Hyperspectral imaging has grown increasingly popular over the past ten years in military, industrial, and scientific arenas. The ability to precisely characterize the color of a viewed item, whether a camouflaged vehicle, a bruise on an arm or on fruit, or a wide swath of vegetation, allows the user to make informed decisions only dreamed of in the past. What once required large, delicate, and expensive laboratory spectrometers is now being done in real time aboard satellites, unmanned aerial vehicles, and portable handheld units.
Background and Progress
Hyperspectral imaging is the capturing and processing of an image at a very large number of wavelengths. Whereas multispectral imaging might evaluate an image in three or four colors (red, green, blue and near-infrared (NIR), for example), hyperspectral imaging breaks the image down into tens or hundreds of colors.
Expanding a vision system to create many more “bins” can be exceptionally complicated. In 1999, Deposition Sciences, Inc. (DSI) was contracted to coat a series of 16 beamsplitters. These beamsplitters were configured in four primary optical chains, each with four secondary chains, resulting in sixteen discrete optical paths, each terminating at a separate detector. The end result was a sixteen-channel spectral imaging system covering a wavelength range from 400 - 900 nm. Each optical element had to maintain a transmittance and reflectance of greater than 98% to ensure a final signal level at the detectors of at least 90%. While this system worked as designed, it was large, expensive, and delicate. It was suitable for the benchtop demonstration required, but not for many of the in-field applications needed by today’s sensor systems.
Compare that system with the hyperspectral data collected by the USGS in Afghanistan in 20071. Using an airborne HyMap system from HyVista Corporation , the USG Survey generated detailed maps of the surface mineral distribution across approximately 440,000 km2 (172,000 mi2). Thirty-one different classes of materials were identified and mapped in this survey. A subset of the results is shown in Figure 1. These data were collected over a series of 28 flights, using four different modules in one instrument to cover a spectral range of 0.43 to 2.48 microns. Images were processed over 128 color bands, each 14-20 nm wide.
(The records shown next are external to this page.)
lemma weak_conv_at0_support_mass_lower_bound:
  fixes \<pi> :: "real \<Rightarrow> ('c::metric_space) measure"
  assumes P: "\<forall>\<epsilon>>0. prob_space (\<pi> \<epsilon>) \<and> sets (\<pi> \<epsilon>) = sets borel"
    and Ps: "prob_space \<pi>\<^sub>s" "sets \<pi>\<^sub>s = sets borel"
    and W: "weak_conv_at0 \<pi> \<pi>\<^sub>s" and z0: "z0 \<in> support \<pi>\<^sub>s" and U: "open U" "z0 \<in> U"
  shows "\<exists>q>0. eventually (\<lambda>\<epsilon>. q \<le> measure (\<pi> \<epsilon>) U) (at_right 0)"
proof -
  obtain r where r: "r > 0" "ball z0 r \<subseteq> U" using U open_contains_ball by blast
  define g where "g z = max 0 (1 - dist z z0 / r)" for z
  have gc: "continuous_on UNIV g" unfolding g_def by (intro continuous_intros) (use r in auto)
  have g01: "0 \<le> g z" "g z \<le> 1" for z using r unfolding g_def by auto
  have gU: "g z \<le> indicator U z" for z
    using r g01 unfolding g_def by (auto simp: indicator_def dist_commute subset_eq field_simps)
  have g_half: "1/2 * indicator (ball z0 (r/2)) z \<le> g z" for z
    using r g01 unfolding g_def by (auto simp: indicator_def dist_commute field_simps)
  have integrable: "integrable M g" "integrable M (indicator S :: 'c \<Rightarrow> real)"
    if "sets M = sets borel" "finite_measure M" "S \<in> sets borel" for M S
    using that borel_measurable_continuous_onI[OF gc] g01
    by (auto intro!: finite_measure.integrable_const_bound[where B=1] simp: measurable_cong_sets[OF that(1) refl])
  define L where "L = integral\<^sup>L \<pi>\<^sub>s g"
  have fs: "finite_measure \<pi>\<^sub>s" using Ps by (simp add: prob_space_def)
  have "emeasure \<pi>\<^sub>s (ball z0 (r/2)) \<noteq> 0" using z0 r unfolding support_def by auto
  then have "measure \<pi>\<^sub>s (ball z0 (r/2)) > 0"
    using fs by (simp add: finite_measure.emeasure_eq_measure zero_less_measure_iff)
  moreover have "integral\<^sup>L \<pi>\<^sub>s (\<lambda>z. 1/2 * indicator (ball z0 (r/2)) z) \<le> L"
    unfolding L_def by (rule integral_mono) (use integrable[OF Ps(2) fs] g_half in auto)
  ultimately have Lpos: "L > 0" using Ps(2) by simp
  have "bounded (range g)" unfolding bounded_iff using g01 by (intro exI[of _ 1]) auto
  then have "((\<lambda>\<epsilon>. integral\<^sup>L (\<pi> \<epsilon>) g) \<longlongrightarrow> L) (at_right 0)"
    using W gc unfolding weak_conv_at0_def L_def by blast
  then have "eventually (\<lambda>\<epsilon>. L/2 < integral\<^sup>L (\<pi> \<epsilon>) g) (at_right 0)"
    using Lpos by (intro order_tendstoD(1)) auto
  then have "eventually (\<lambda>\<epsilon>. L/2 \<le> measure (\<pi> \<epsilon>) U) (at_right 0)"
    using eventually_at_right_less[of 0]
  proof eventually_elim
    case (elim \<epsilon>)
    then have pe: "finite_measure (\<pi> \<epsilon>)" "sets (\<pi> \<epsilon>) = sets borel"
      using P by (auto simp: prob_space_def)
    have "integral\<^sup>L (\<pi> \<epsilon>) g \<le> integral\<^sup>L (\<pi> \<epsilon>) (indicator U)"
      by (rule integral_mono) (use integrable[OF pe(2,1)] U gU in auto)
    moreover have "space (\<pi> \<epsilon>) = UNIV" using pe(2) by (metis sets_eq_imp_space_eq space_borel)
    ultimately show ?case using elim by simp
  qed
  then show ?thesis using Lpos by (intro exI[of _ "L/2"]) auto
qed

lemma weak_conv_at0_support_prod_lower_bound:
  fixes \<pi> :: "real \<Rightarrow> ('c::metric_space) measure"
  assumes P: "\<forall>\<epsilon>>0. prob_space (\<pi> \<epsilon>) \<and> sets (\<pi> \<epsilon>) = sets borel"
    and Ps: "prob_space \<pi>\<^sub>s" "sets \<pi>\<^sub>s = sets borel" and W: "weak_conv_at0 \<pi> \<pi>\<^sub>s"
    and I: "finite I" and U: "\<forall>i\<in>I. z i \<in> support \<pi>\<^sub>s \<and> open (U i) \<and> z i \<in> U i"
  shows "\<exists>R>0. eventually (\<lambda>\<epsilon>. R \<le> (\<Prod>i\<in>I. measure (\<pi> \<epsilon>) (U i))) (at_right 0)"
proof -
  have "\<forall>i\<in>I. \<exists>q. q > 0 \<and> eventually (\<lambda>\<epsilon>. q \<le> measure (\<pi> \<epsilon>) (U i)) (at_right 0)"
  proof
    fix i assume "i \<in> I"
    with U have "z i \<in> support \<pi>\<^sub>s" "open (U i)" "z i \<in> U i" by blast+
    then show "\<exists>q. q > 0 \<and> eventually (\<lambda>\<epsilon>. q \<le> measure (\<pi> \<epsilon>) (U i)) (at_right 0)"
      by (rule weak_conv_at0_support_mass_lower_bound[OF P Ps W])
  qed
  from bchoice[OF this] obtain q
    where q: "\<forall>i\<in>I. q i > 0 \<and> eventually (\<lambda>\<epsilon>. q i \<le> measure (\<pi> \<epsilon>) (U i)) (at_right 0)"
    by blast
  then have "eventually (\<lambda>\<epsilon>. \<forall>i\<in>I. q i \<le> measure (\<pi> \<epsilon>) (U i)) (at_right 0)"
    by (intro eventually_ball_finite I) blast
  then have "eventually (\<lambda>\<epsilon>. (\<Prod>i\<in>I. q i) \<le> (\<Prod>i\<in>I. measure (\<pi> \<epsilon>) (U i))) (at_right 0)"
    by eventually_elim (use q in \<open>auto intro: prod_mono less_imp_le\<close>)
  moreover have "(\<Prod>i\<in>I. q i) > 0" using q by (intro prod_pos) auto
  ultimately show ?thesis by blast
qed

lemma eventually_exp_neg_div_le_mult:
  fixes s t R :: real
  assumes "t < s" "0 < R"
  shows "eventually (\<lambda>\<epsilon>. exp (- s / \<epsilon>) \<le> R * exp (- t / \<epsilon>)) (at_right 0)"
proof -
  have "filterlim (\<lambda>\<epsilon>. (s - t) * inverse \<epsilon>) at_top (at_right 0)"
    using assms(1) by (intro filterlim_tendsto_pos_mult_at_top[OF tendsto_const _ filterlim_inverse_at_top_right]) simp
  then have "((\<lambda>\<epsilon>. exp (- ((s - t) * inverse \<epsilon>))) \<longlongrightarrow> 0) (at_right 0)"
    by (intro filterlim_compose[OF exp_at_bot]) (simp add: filterlim_uminus_at_bot)
  then have "eventually (\<lambda>\<epsilon>. exp (- ((s - t) * inverse \<epsilon>)) < R) (at_right 0)"
    using assms(2) by (rule order_tendstoD(2))
  then show ?thesis
  proof eventually_elim
    case (elim \<epsilon>)
    have "- s / \<epsilon> = - ((s - t) * inverse \<epsilon>) + - t / \<epsilon>"
      by (simp add: divide_inverse algebra_simps)
    then have "exp (- s / \<epsilon>) = exp (- ((s - t) * inverse \<epsilon>)) * exp (- t / \<epsilon>)"
      by (simp add: exp_add[symmetric])
    then show ?case using elim by simp
  qed
qed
Full details of the survey, including a discussion of the methodology, can be found at the USGS website .
There are two broadly defined areas of technology which have enabled the development and advancement of hyperspectral imaging. They are the development of inexpensive, high quality diffraction gratings and the advancements in multiple dimension data processing. In order to see how these technologies have improved the state of hyperspectral imaging, it is necessary to take a brief look at how most current systems operate. Note that this is a general discussion. Most of the companies offering instruments or services have unique, proprietary approaches that distinguish one from the other. We will only look at a simplified system that identifies some of the key features. Such a simplified system is shown in Figure 2.
Most hyperspectral imaging systems consist of imaging optics, a narrow slit, a diffraction grating, and a 2-dimensional focal plane array (FPA) detector (usually CCD or CMOS). The image is projected through the slit onto the diffraction grating where the light is split into discrete wavelengths and physically separated before being projected onto the focal plane array. One dimension of the FPA corresponds to the wavelength of light, as separated by the diffraction grating. The other dimension corresponds to the “vertical” position along the slit.
At each X-Y coordinate, a pixel is energized to some level, based on the intensity of the light at that position and wavelength. What results is a 3-dimensional array (position on slit, wavelength and intensity) for each narrow slit width. By indexing the slit width, one can map the entire image into a 4-dimensional array. This indexing (called “pushbrooming”) can be done by moving the slit, or by moving the sensor device. In the case of the USGS survey of Afghanistan, cited above, each slit width corresponded to a single flight line, or pass of the airplane. Determining how much overlap to use, as well as what known standards or features to use for calibration, is critical in getting reliable data.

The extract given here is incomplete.